Anti-Müllerian hormone (AMH) is a glycoprotein that belongs to the transforming growth factor-β (TGFβ) superfamily [38,39]. The production of AMH begins 36 weeks after conception and its level peaks in neonatal life, after which it remains low until reaching the puberty phase. In adolescence, AMH levels rise to reach a plateau, followed by a dramatic drop before menopause. After menopause, the hormone becomes undetectable. The highest expression of AMH is recorded in preantral and small antral follicles 2–4 mm in diameter; however, it can also be expressed by growing follicles up to 8 mm [38,40]. AMH inhibits primary follicle recruitment and may be involved in protecting growing follicles from premature maturation [41].
Women diagnosed with PCOS have higher AMH levels than normal women, which leads to the possibility of using AMH as a surrogate marker for the diagnosis of PCOS [42,43,44]. The elevation is induced by an increase in the number of preantral follicles and small antral follicles, thus leading to increased secretion within each of these follicles [45]. However, the increase in AMH levels is not only due to the increased number of preantral and small antral follicles, because elevated AMH levels have been detected in both anovulatory PCOS cases and normal-ovulatory PCOS cases in comparison to normal non-PCOS cases.

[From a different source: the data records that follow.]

(* Let $\mathbf{k}$ be a field of characteristic $0$, $n\ge3$, $m\in\mathbf{k}\setminus\mathcal{S}_n$, and let $\rho$ be an irreducible representation of $Br_n(m)$, indexed by the partition $\lambda$. Then either the spectrum of $\rho(t_{12})$ is contained in $\{-1,1\}$, or $|\lambda|<n$ and the spectrum of $\rho(t_{12})$ equals $\{-1,1,1-m\}$.
   Context: $Br_n(m)$ is the Brauer algebra over $\mathbf{k}$ with basis the Brauer diagrams on $n$ top and $n$ bottom points, product by stacking (second factor below) with closed loops replaced by $m$; $s_{12}$ is the transposition diagram, $p_{12}$ the diagram joining top $1$ to top $2$ and bottom $1$ to bottom $2$ with other strands vertical, $t_{12}=s_{12}-p_{12}$. For a partition $\mu$ with $|\mu|\le n$, $n-|\mu|$ even, $P_\mu\in\mathbb{Q}[m]$ is the polynomial equal, at every sufficiently large integer $m$, to the dimension of the irreducible $O(m)$-module indexed by $\mu$; $\mathcal{S}_n=\{m\mid\exists\mu,\ |\mu|\le n,\ P_\mu(m)=0\}\subset\mathbb{Z}$. For $m\notin\mathcal{S}_n$, $Br_n(m)$ is split semisimple with irreducible representations indexed (Wenzl's parametrization) by partitions $\mu$ with $|\mu|\le n$, $n-|\mu|$ even; those with $|\mu|=n$ are those factoring through $\mathbf{k}\mathfrak{S}_n=Br_n(m)/(p_{12})$, and restriction from $Br_n(m)$ to $Br_{n-1}(m)$ follows the rule $\mathrm{Res}\,\rho_\lambda=\sum_{\mu\nearrow\lambda}\rho_\mu+\sum_{\lambda\nearrow\mu}\rho_\mu$, where $\mu\nearrow\lambda$ means $\lambda$ is obtained from $\mu$ by adding one box. *)

theory Defs
  imports "Jordan_Normal_Form.Spectral_Radius"
begin

text \<open>A point of a Brauer diagram on n top and n bottom points is a pair (b, i)
  with i < n; b = True means a top point, b = False a bottom point.
  A Brauer diagram is a fixed-point-free involution d on these 2n points
  (d p is the point joined to p); outside the 2n points d is the identity
  (normalisation, so that diagrams are uniquely represented).\<close>

type_synonym bpoint = "bool \<times> nat"
type_synonym bdiagram = "bpoint \<Rightarrow> bpoint"

definition bpoints :: "nat \<Rightarrow> bpoint set" where
  "bpoints n = UNIV \<times> {..<n}"

definition brauer_diagrams :: "nat \<Rightarrow> bdiagram set" where
  "brauer_diagrams n = {d. (\<forall>p\<in>bpoints n. d p \<in> bpoints n \<and> d p \<noteq> p \<and> d (d p) = p)
                          \<and> (\<forall>p. p \<notin> bpoints n \<longrightarrow> d p = p)}"

text \<open>Stacking: d1 on top of d2.  The graph has three layers of vertices
  (layer, i): layer 0 = top row of d1, layer 1 = bottom row of d1 identified
  with top row of d2, layer 2 = bottom row of d2.\<close>

definition emb_upper :: "bpoint \<Rightarrow> nat \<times> nat" where
  "emb_upper p = (if fst p then (0, snd p) else (1, snd p))"

definition emb_lower :: "bpoint \<Rightarrow> nat \<times> nat" where
  "emb_lower p = (if fst p then (1, snd p) else (2, snd p))"

definition emb_outer :: "bpoint \<Rightarrow> nat \<times> nat" where
  "emb_outer p = (if fst p then (0, snd p) else (2, snd p))"

definition stack_edges :: "nat \<Rightarrow> bdiagram \<Rightarrow> bdiagram \<Rightarrow> ((nat \<times> nat) \<times> (nat \<times> nat)) set" where
  "stack_edges n d1 d2 =
     {(emb_upper p, emb_upper (d1 p)) | p. p \<in> bpoints n} \<union>
     {(emb_lower p, emb_lower (d2 p)) | p. p \<in> bpoints n}"

definition stack_conn :: "nat \<Rightarrow> bdiagram \<Rightarrow> bdiagram \<Rightarrow> ((nat \<times> nat) \<times> (nat \<times> nat)) set" where
  "stack_conn n d1 d2 = (stack_edges n d1 d2 \<union> (stack_edges n d1 d2)\<inverse>)\<^sup>*"

definition bcompose :: "nat \<Rightarrow> bdiagram \<Rightarrow> bdiagram \<Rightarrow> bdiagram" where
  "bcompose n d1 d2 = (\<lambda>p. if p \<in> bpoints n then
       (THE q. q \<in> bpoints n \<and> q \<noteq> p \<and> (emb_outer p, emb_outer q) \<in> stack_conn n d1 d2)
     else p)"

text \<open>Number of closed loops: connected components lying entirely in the middle layer.\<close>

definition bloops :: "nat \<Rightarrow> bdiagram \<Rightarrow> bdiagram \<Rightarrow> nat" where
  "bloops n d1 d2 = card {stack_conn n d1 d2 `` {(1, i)} | i. i < n \<and>
                           stack_conn n d1 d2 `` {(1, i)} \<subseteq> {1} \<times> UNIV}"

text \<open>Special diagrams: identity, s_12 (transposition of strands 1,2), p_12.
  Strands are indexed from 0, so "1,2" are the indices 0,1.\<close>

definition bid :: "nat \<Rightarrow> bdiagram" where
  "bid n = (\<lambda>p. if p \<in> bpoints n then (\<not> fst p, snd p) else p)"

definition bs12 :: "nat \<Rightarrow> bdiagram" where
  "bs12 n = (\<lambda>p. if p \<in> bpoints n then
      (\<not> fst p, if snd p = 0 then 1 else if snd p = 1 then 0 else snd p) else p)"

definition bp12 :: "nat \<Rightarrow> bdiagram" where
  "bp12 n = (\<lambda>p. if p \<in> bpoints n then
      (if snd p = 0 then (fst p, 1) else if snd p = 1 then (fst p, 0) else (\<not> fst p, snd p))
    else p)"

text \<open>A (matrix) representation of Br_n(m) on k^N is given by the images of the
  basis diagrams; by linear extension this is the same as an algebra homomorphism
  Br_n(m) \<rightarrow> End(k^N): it must be unital and respect the product of
  basis elements d1 d2 = m^(loops) (d1 \<circ> d2).\<close>

definition brauer_rep :: "nat \<Rightarrow> 'k::field \<Rightarrow> nat \<Rightarrow> (bdiagram \<Rightarrow> 'k mat) \<Rightarrow> bool" where
  "brauer_rep n m N \<rho> \<longleftrightarrow>
     (\<forall>d\<in>brauer_diagrams n. \<rho> d \<in> carrier_mat N N) \<and>
     \<rho> (bid n) = 1\<^sub>m N \<and>
     (\<forall>d1\<in>brauer_diagrams n. \<forall>d2\<in>brauer_diagrams n.
        \<rho> d1 * \<rho> d2 = (m ^ bloops n d1 d2) \<cdot>\<^sub>m \<rho> (bcompose n d1 d2))"

definition invariant_subspace :: "nat \<Rightarrow> nat \<Rightarrow> (bdiagram \<Rightarrow> 'k::field mat) \<Rightarrow> 'k vec set \<Rightarrow> bool" where
  "invariant_subspace n N \<rho> W \<longleftrightarrow>
     W \<subseteq> carrier_vec N \<and> 0\<^sub>v N \<in> W \<and>
     (\<forall>v\<in>W. \<forall>w\<in>W. v + w \<in> W) \<and> (\<forall>c. \<forall>v\<in>W. c \<cdot>\<^sub>v v \<in> W) \<and>
     (\<forall>d\<in>brauer_diagrams n. \<forall>v\<in>W. \<rho> d *\<^sub>v v \<in> W)"

definition irreducible_brauer_rep :: "nat \<Rightarrow> 'k::field \<Rightarrow> nat \<Rightarrow> (bdiagram \<Rightarrow> 'k mat) \<Rightarrow> bool" where
  "irreducible_brauer_rep n m N \<rho> \<longleftrightarrow>
     brauer_rep n m N \<rho> \<and> N > 0 \<and>
     (\<forall>W. invariant_subspace n N \<rho> W \<longrightarrow> W = {0\<^sub>v N} \<or> W = carrier_vec N)"

text \<open>The representation factors through Br_n(m)/(p_12), i.e. it vanishes on the
  two-sided ideal generated by p_12, which is spanned by the elements d1 p_12 d2.\<close>

definition factors_through_sym :: "nat \<Rightarrow> nat \<Rightarrow> (bdiagram \<Rightarrow> 'k::field mat) \<Rightarrow> bool" where
  "factors_through_sym n N \<rho> \<longleftrightarrow>
     (\<forall>d1\<in>brauer_diagrams n. \<forall>d2\<in>brauer_diagrams n. \<rho> d1 * \<rho> (bp12 n) * \<rho> d2 = 0\<^sub>m N N)"

definition rep_t12 :: "nat \<Rightarrow> (bdiagram \<Rightarrow> 'k::field mat) \<Rightarrow> 'k mat" where
  "rep_t12 n \<rho> = \<rho> (bs12 n) - \<rho> (bp12 n)"

text \<open>Partitions as weakly decreasing lists of positive integers; parts and the
  conjugate partition are 1-indexed, with parts beyond the length equal to 0.\<close>

definition is_partition :: "nat list \<Rightarrow> bool" where
  "is_partition \<mu> \<longleftrightarrow> sorted_wrt (\<ge>) \<mu> \<and> (\<forall>x\<in>set \<mu>. x > 0)"

definition part :: "nat list \<Rightarrow> nat \<Rightarrow> nat" where
  "part \<mu> i = (if 1 \<le> i \<and> i \<le> length \<mu> then \<mu> ! (i - 1) else 0)"

definition conj_part :: "nat list \<Rightarrow> nat \<Rightarrow> nat" where
  "conj_part \<mu> j = card {i. 1 \<le> i \<and> i \<le> length \<mu> \<and> j \<le> part \<mu> i}"

definition boxes :: "nat list \<Rightarrow> (nat \<times> nat) set" where
  "boxes \<mu> = {(i, j). 1 \<le> i \<and> i \<le> length \<mu> \<and> 1 \<le> j \<and> j \<le> part \<mu> i}"

definition hook :: "nat list \<Rightarrow> nat \<times> nat \<Rightarrow> nat" where
  "hook \<mu> b = (case b of (i, j) \<Rightarrow> part \<mu> i - j + conj_part \<mu> j - i + 1)"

While no explanations for AMH overproduction have been identified to date, a positive correlation has been found between androgens and AMH expression [46,47]. In women with PCOS, the overexpression of AMH and AMH type II receptors on granulosa cells may also be responsible for the overexpression of AMH [48,49].
Although AMH has been related to ovarian follicle count and is considered an ovarian reserve marker, serum AMH levels have not yet been introduced as an alternative tool for the detection of polycystic ovary morphology (PCOM), nor as a single test for the diagnosis of PCOS. AMH’s accuracy has shown significant heterogeneity in studies, making it unsuitable for clinical use. There is emerging evidence that with the improved standardization of assays and established cut-off levels or thresholds based on large-scale validation in populations of different ages, AMH assays will be more accurate in the detection of PCOM. Precisely, (1) defined general population-based samples instead of choosing subjects from high-risk populations, along with (2) well-defined cut-off values for AMH and (3) a clearer definition of PCOM, are three crucial steps that would benefit the cause [50].

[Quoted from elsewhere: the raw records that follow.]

text \<open>The free polynomial algebra over Q in the variables zeta(k), k in nat.
  A monomial is a finitely supported exponent vector nat =>0 nat (variable k
  stands for zeta^a(k)); a polynomial is a finitely supported map from
  monomials to Q, with the convolution product of Poly_Mapping.
  M^(1) = Q[zeta^a(3), zeta^a(5), ...] is the subalgebra generated by the
  odd-indexed variables with index >= 3.\<close>
type_synonym M1 = "(nat \<Rightarrow>\<^sub>0 nat) \<Rightarrow>\<^sub>0 rat"

definition mconst :: "rat \<Rightarrow> M1" where
  "mconst r = Poly_Mapping.single 0 r"

definition zeta_a :: "nat \<Rightarrow> M1" where
  "zeta_a k = (if odd k \<and> 3 \<le> k then Poly_Mapping.single (Poly_Mapping.single k 1) 1 else 0)"

definition var_mon :: "nat \<Rightarrow> (nat \<Rightarrow>\<^sub>0 nat)" where
  "var_mon m = Poly_Mapping.single m 1"

definition pderiv_var :: "nat \<Rightarrow> M1 \<Rightarrow> M1" where
  "pderiv_var m p = Abs_poly_mapping
     (\<lambda>mon. of_nat (Poly_Mapping.lookup mon m + 1) * Poly_Mapping.lookup p (mon + var_mon m))"

text \<open>delta_m on power series in T with coefficients in M^(1): the continuous
  Q((T))-linear extension of d/d zeta^a(m), i.e. acting coefficientwise.\<close>
definition delta :: "nat \<Rightarrow> M1 fps \<Rightarrow> M1 fps" where
  "delta m f = Abs_fps (\<lambda>j. pderiv_var m (fps_nth f j))"

definition H_a :: "nat \<Rightarrow> M1 fps" where
  "H_a n = Abs_fps (\<lambda>j. if j = 0 then 0
      else (-1) ^ n * of_nat ((n + j - 1) choose (n - 1)) * zeta_a (n + j))"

3. Other Clinical Features of PCOS

3.1. Metabolic Syndrome

The modified American Heart Association/National Heart Lung and Blood Institute AHA/NHLBI (ATP III 2005) defined metabolic syndrome as having three or more of the following metabolic symptoms: (1) obesity (waist circumference of ≥88 cm), (2) hypertension (blood pressure ≥130/85 mm Hg), (3) dyslipidemia (high-density lipoprotein (HDL) of ≤50 mg/dL), and (4) hyperglycemia (fasting blood sugar of ≥100 mg/dL). The prevalence of metabolic syndrome among women with PCOS was 45.8%, as found by Madhusudaran et al. [51]; 46%, as reported by Glueck et al. [52]; and 43.4%, as reported by Ishak A et al. [53]. It was more prevalent in hyperandrogenic PCOS phenotypes in comparison to normal androgenic phenotypes.
The metabolic symptoms of PCOS seem to be connected; androgen excess is the beginning of a vicious cycle of metabolic disorders in PCOS patients. A positive correlation was observed between PCOS diagnosis in women and overweight and abdominal fat deposition [54]. A study in 2017 by Melal et al. included 1387 women previously diagnosed with PCOS and reported at least 52% of them to be struggling with obesity [55]. Hyperglycemia is yet another metabolic disorder associated with PCOS. Findings from longitudinal cohort studies have reported that developing hyperglycemia is significantly more common in PCOS-diagnosed women within the age group of 15 to 49 years old compared to non-PCOS control women [56,57]. Dyslipidemia, reflected by high triglycerides and low HDL cholesterol, is one of the most common metabolic disorders identified in females with PCOS [58,59]. In multiple cross-sectional studies, PCOS has been linked to significantly higher blood pressure compared to normal controls, independently of weight/obesity [60,61].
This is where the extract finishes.